_Dataset entries_
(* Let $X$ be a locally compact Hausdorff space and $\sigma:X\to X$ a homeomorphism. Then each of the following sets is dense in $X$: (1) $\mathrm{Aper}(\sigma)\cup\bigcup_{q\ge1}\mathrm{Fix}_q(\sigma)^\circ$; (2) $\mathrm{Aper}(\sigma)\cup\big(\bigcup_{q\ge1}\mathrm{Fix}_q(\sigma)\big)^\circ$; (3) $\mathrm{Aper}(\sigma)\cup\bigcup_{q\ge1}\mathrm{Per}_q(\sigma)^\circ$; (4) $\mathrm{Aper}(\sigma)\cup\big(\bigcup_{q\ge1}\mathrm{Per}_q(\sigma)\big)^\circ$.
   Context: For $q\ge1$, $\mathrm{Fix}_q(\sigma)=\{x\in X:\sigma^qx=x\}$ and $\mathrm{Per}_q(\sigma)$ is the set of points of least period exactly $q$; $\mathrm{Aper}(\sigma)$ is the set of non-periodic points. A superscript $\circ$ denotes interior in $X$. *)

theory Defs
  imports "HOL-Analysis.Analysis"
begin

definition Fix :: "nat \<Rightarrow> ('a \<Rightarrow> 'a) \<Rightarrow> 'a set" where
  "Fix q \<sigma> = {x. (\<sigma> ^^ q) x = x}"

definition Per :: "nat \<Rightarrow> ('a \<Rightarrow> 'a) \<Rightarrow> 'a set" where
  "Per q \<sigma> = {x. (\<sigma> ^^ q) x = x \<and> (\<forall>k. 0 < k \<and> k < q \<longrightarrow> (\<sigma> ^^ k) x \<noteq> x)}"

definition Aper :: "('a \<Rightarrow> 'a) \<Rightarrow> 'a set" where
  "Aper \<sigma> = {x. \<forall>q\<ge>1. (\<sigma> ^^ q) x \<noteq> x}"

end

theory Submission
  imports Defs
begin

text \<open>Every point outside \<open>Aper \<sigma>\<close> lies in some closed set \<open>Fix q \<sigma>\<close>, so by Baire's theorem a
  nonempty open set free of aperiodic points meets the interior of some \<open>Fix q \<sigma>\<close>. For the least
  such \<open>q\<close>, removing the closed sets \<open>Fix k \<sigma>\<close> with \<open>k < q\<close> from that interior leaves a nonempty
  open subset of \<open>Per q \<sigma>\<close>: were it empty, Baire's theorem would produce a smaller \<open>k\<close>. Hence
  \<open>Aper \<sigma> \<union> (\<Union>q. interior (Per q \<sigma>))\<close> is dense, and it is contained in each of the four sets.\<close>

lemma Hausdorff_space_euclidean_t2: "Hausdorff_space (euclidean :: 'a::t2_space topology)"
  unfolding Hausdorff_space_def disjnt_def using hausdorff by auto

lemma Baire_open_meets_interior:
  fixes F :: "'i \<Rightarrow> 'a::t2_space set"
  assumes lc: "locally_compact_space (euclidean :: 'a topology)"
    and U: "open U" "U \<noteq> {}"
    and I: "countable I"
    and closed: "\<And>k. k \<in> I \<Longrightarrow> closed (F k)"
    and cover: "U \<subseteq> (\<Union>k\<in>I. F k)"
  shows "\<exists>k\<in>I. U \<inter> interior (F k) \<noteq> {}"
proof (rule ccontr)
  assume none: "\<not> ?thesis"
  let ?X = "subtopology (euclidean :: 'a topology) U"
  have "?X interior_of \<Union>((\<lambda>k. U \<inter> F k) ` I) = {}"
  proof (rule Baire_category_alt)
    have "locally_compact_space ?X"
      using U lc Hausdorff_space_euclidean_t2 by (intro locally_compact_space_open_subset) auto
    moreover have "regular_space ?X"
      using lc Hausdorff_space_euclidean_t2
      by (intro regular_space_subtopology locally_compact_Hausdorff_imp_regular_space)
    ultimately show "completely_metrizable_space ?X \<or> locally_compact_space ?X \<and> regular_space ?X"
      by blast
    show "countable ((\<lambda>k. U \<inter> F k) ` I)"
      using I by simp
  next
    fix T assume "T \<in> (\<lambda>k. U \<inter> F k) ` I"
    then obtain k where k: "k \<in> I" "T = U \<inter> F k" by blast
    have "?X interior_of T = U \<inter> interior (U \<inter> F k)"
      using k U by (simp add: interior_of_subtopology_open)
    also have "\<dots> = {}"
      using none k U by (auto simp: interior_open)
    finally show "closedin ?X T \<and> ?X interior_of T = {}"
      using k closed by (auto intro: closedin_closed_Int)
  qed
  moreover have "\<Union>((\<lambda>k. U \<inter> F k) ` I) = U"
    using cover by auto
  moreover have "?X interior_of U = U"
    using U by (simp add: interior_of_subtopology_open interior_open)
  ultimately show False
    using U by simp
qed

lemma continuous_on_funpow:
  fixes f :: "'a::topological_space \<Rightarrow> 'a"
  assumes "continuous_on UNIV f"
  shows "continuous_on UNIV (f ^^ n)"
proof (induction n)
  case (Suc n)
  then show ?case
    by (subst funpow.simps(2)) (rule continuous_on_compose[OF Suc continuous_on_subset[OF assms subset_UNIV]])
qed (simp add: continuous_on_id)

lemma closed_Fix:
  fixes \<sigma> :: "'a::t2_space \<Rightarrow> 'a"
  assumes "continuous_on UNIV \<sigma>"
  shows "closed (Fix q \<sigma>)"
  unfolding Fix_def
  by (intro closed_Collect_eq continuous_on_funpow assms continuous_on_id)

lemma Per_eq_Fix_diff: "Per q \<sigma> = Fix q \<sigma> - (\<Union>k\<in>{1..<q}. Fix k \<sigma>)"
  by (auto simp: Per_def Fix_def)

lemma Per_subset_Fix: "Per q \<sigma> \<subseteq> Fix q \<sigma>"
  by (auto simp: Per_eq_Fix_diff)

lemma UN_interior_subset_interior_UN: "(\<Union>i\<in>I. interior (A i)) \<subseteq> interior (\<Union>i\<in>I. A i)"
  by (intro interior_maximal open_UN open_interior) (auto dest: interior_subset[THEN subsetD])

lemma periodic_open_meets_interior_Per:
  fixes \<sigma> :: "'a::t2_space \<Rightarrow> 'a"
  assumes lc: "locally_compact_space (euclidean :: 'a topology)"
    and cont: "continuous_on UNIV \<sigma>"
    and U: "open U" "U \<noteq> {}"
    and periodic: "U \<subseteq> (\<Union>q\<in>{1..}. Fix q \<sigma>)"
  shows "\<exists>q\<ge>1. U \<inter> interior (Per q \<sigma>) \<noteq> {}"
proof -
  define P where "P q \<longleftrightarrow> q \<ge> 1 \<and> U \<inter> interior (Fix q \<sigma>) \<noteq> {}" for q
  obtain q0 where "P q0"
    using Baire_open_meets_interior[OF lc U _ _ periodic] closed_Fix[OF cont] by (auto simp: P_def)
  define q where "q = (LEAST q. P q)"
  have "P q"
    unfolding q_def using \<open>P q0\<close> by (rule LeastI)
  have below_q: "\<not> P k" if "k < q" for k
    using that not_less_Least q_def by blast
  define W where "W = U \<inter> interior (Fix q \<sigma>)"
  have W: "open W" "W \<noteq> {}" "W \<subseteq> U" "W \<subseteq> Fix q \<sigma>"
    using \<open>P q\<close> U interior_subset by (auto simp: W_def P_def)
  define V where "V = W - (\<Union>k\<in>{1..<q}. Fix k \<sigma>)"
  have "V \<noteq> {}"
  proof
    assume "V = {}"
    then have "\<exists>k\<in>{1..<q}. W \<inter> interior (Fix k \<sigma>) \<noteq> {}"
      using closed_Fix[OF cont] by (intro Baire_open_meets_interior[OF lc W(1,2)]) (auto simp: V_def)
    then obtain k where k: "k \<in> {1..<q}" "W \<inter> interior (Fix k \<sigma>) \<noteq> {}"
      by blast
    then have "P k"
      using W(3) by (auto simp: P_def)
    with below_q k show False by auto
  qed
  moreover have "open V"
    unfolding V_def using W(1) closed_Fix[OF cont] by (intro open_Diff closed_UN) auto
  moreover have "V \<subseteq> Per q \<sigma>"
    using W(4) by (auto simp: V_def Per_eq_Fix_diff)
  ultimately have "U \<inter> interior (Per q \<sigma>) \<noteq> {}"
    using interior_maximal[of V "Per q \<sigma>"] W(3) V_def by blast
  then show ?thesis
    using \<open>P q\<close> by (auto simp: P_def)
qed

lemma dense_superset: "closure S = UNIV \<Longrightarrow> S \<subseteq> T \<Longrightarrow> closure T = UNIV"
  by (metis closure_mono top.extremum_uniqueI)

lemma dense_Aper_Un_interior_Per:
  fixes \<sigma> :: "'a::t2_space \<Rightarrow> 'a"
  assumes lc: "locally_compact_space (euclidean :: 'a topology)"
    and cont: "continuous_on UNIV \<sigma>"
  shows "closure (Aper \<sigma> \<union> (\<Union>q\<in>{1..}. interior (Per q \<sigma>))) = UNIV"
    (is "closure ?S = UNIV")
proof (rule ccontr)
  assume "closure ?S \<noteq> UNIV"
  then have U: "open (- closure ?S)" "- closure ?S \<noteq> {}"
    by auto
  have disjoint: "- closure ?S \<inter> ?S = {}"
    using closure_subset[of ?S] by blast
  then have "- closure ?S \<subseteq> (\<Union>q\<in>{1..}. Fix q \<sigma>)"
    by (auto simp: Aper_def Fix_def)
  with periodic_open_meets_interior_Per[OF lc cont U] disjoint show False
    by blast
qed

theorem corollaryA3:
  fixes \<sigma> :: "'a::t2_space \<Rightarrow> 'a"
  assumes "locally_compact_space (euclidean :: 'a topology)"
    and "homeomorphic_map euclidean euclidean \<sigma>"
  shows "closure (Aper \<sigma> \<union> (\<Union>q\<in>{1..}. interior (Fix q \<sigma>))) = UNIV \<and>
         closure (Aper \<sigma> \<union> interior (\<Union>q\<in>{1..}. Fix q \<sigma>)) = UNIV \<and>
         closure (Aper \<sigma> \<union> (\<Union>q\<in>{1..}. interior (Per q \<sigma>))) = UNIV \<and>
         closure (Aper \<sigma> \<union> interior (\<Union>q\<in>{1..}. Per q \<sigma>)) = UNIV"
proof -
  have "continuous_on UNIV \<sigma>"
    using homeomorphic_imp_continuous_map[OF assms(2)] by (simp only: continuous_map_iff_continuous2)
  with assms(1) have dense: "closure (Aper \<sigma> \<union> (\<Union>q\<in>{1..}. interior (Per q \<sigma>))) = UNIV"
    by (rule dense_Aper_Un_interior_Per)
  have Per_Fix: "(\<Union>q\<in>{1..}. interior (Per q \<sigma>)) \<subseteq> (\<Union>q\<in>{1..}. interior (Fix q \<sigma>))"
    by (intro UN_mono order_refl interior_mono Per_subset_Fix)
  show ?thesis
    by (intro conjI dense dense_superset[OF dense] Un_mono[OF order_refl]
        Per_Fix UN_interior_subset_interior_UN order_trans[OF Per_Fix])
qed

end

==

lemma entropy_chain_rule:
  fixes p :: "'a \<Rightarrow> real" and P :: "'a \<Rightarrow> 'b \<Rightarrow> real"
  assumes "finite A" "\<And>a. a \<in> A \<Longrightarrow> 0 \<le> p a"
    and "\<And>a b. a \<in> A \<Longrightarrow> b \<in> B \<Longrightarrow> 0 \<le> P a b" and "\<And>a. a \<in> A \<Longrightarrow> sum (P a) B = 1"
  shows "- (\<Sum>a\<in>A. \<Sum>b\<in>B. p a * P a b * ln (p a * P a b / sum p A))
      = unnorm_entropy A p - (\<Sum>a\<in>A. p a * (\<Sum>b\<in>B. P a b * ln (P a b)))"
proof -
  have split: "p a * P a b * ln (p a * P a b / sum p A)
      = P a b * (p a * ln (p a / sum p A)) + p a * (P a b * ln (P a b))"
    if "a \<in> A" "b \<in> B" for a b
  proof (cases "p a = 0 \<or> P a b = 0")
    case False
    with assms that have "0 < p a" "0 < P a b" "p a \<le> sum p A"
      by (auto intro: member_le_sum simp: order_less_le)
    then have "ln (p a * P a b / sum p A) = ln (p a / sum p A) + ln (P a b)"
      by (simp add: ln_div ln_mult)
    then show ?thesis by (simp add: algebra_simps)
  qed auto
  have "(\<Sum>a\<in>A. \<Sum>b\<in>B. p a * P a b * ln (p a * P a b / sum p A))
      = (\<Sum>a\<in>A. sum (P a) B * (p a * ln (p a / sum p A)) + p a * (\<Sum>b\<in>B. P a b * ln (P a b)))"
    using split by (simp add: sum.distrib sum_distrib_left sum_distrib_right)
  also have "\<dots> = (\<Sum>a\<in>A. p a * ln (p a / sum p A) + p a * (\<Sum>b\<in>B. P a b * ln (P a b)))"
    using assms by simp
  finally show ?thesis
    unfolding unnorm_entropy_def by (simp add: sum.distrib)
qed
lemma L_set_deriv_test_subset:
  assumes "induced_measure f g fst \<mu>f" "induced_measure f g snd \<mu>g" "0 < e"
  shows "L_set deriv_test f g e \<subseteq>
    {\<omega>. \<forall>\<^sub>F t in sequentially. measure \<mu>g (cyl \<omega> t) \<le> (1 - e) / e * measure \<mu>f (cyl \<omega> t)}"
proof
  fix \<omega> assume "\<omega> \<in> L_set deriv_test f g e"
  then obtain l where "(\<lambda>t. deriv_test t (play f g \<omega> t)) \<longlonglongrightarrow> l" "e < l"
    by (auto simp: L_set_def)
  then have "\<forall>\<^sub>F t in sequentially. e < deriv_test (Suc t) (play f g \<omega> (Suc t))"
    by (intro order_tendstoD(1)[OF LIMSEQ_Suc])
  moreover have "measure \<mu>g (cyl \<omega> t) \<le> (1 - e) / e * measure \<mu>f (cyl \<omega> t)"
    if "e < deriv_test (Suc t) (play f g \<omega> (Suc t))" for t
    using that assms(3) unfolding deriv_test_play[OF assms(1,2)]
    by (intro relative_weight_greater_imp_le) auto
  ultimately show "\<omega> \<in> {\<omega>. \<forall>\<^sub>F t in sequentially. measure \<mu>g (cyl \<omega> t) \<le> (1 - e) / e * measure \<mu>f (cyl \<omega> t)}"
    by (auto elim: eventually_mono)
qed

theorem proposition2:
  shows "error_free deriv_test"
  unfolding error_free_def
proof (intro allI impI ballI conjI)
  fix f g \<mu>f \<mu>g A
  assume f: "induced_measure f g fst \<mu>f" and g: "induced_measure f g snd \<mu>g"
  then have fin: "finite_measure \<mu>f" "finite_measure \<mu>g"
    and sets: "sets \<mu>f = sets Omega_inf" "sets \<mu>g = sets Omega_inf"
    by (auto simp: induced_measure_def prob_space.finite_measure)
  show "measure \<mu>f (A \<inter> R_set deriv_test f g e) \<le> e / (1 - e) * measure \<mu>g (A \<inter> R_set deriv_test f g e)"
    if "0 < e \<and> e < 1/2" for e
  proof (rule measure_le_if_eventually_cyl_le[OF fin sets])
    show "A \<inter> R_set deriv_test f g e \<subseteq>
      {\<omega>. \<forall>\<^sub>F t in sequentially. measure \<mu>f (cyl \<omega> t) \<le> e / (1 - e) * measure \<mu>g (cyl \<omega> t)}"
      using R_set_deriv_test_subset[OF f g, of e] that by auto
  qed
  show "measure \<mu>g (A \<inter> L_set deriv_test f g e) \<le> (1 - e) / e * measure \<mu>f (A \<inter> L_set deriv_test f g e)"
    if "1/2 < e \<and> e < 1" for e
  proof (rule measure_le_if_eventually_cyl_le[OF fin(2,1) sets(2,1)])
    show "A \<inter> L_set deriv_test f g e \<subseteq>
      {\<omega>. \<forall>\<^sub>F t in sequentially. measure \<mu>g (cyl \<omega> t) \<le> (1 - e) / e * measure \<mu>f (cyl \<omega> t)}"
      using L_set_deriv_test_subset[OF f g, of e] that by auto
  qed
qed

_EXERCISE OBJECTIVE_
In the entries above, find the line with "(* Let $X$ be" and the line with "x \<and> (\<forall>k.", then restate word for word both of them and every line between, with nothing more.

_THE COMPLETED TASK_
(* Let $X$ be a locally compact Hausdorff space and $\sigma:X\to X$ a homeomorphism. Then each of the following sets is dense in $X$: (1) $\mathrm{Aper}(\sigma)\cup\bigcup_{q\ge1}\mathrm{Fix}_q(\sigma)^\circ$; (2) $\mathrm{Aper}(\sigma)\cup\big(\bigcup_{q\ge1}\mathrm{Fix}_q(\sigma)\big)^\circ$; (3) $\mathrm{Aper}(\sigma)\cup\bigcup_{q\ge1}\mathrm{Per}_q(\sigma)^\circ$; (4) $\mathrm{Aper}(\sigma)\cup\big(\bigcup_{q\ge1}\mathrm{Per}_q(\sigma)\big)^\circ$.
   Context: For $q\ge1$, $\mathrm{Fix}_q(\sigma)=\{x\in X:\sigma^qx=x\}$ and $\mathrm{Per}_q(\sigma)$ is the set of points of least period exactly $q$; $\mathrm{Aper}(\sigma)$ is the set of non-periodic points. A superscript $\circ$ denotes interior in $X$. *)

theory Defs
  imports "HOL-Analysis.Analysis"
begin

definition Fix :: "nat \<Rightarrow> ('a \<Rightarrow> 'a) \<Rightarrow> 'a set" where
  "Fix q \<sigma> = {x. (\<sigma> ^^ q) x = x}"

definition Per :: "nat \<Rightarrow> ('a \<Rightarrow> 'a) \<Rightarrow> 'a set" where
  "Per q \<sigma> = {x. (\<sigma> ^^ q) x = x \<and> (\<forall>k. 0 < k \<and> k < q \<longrightarrow> (\<sigma> ^^ k) x \<noteq> x)}"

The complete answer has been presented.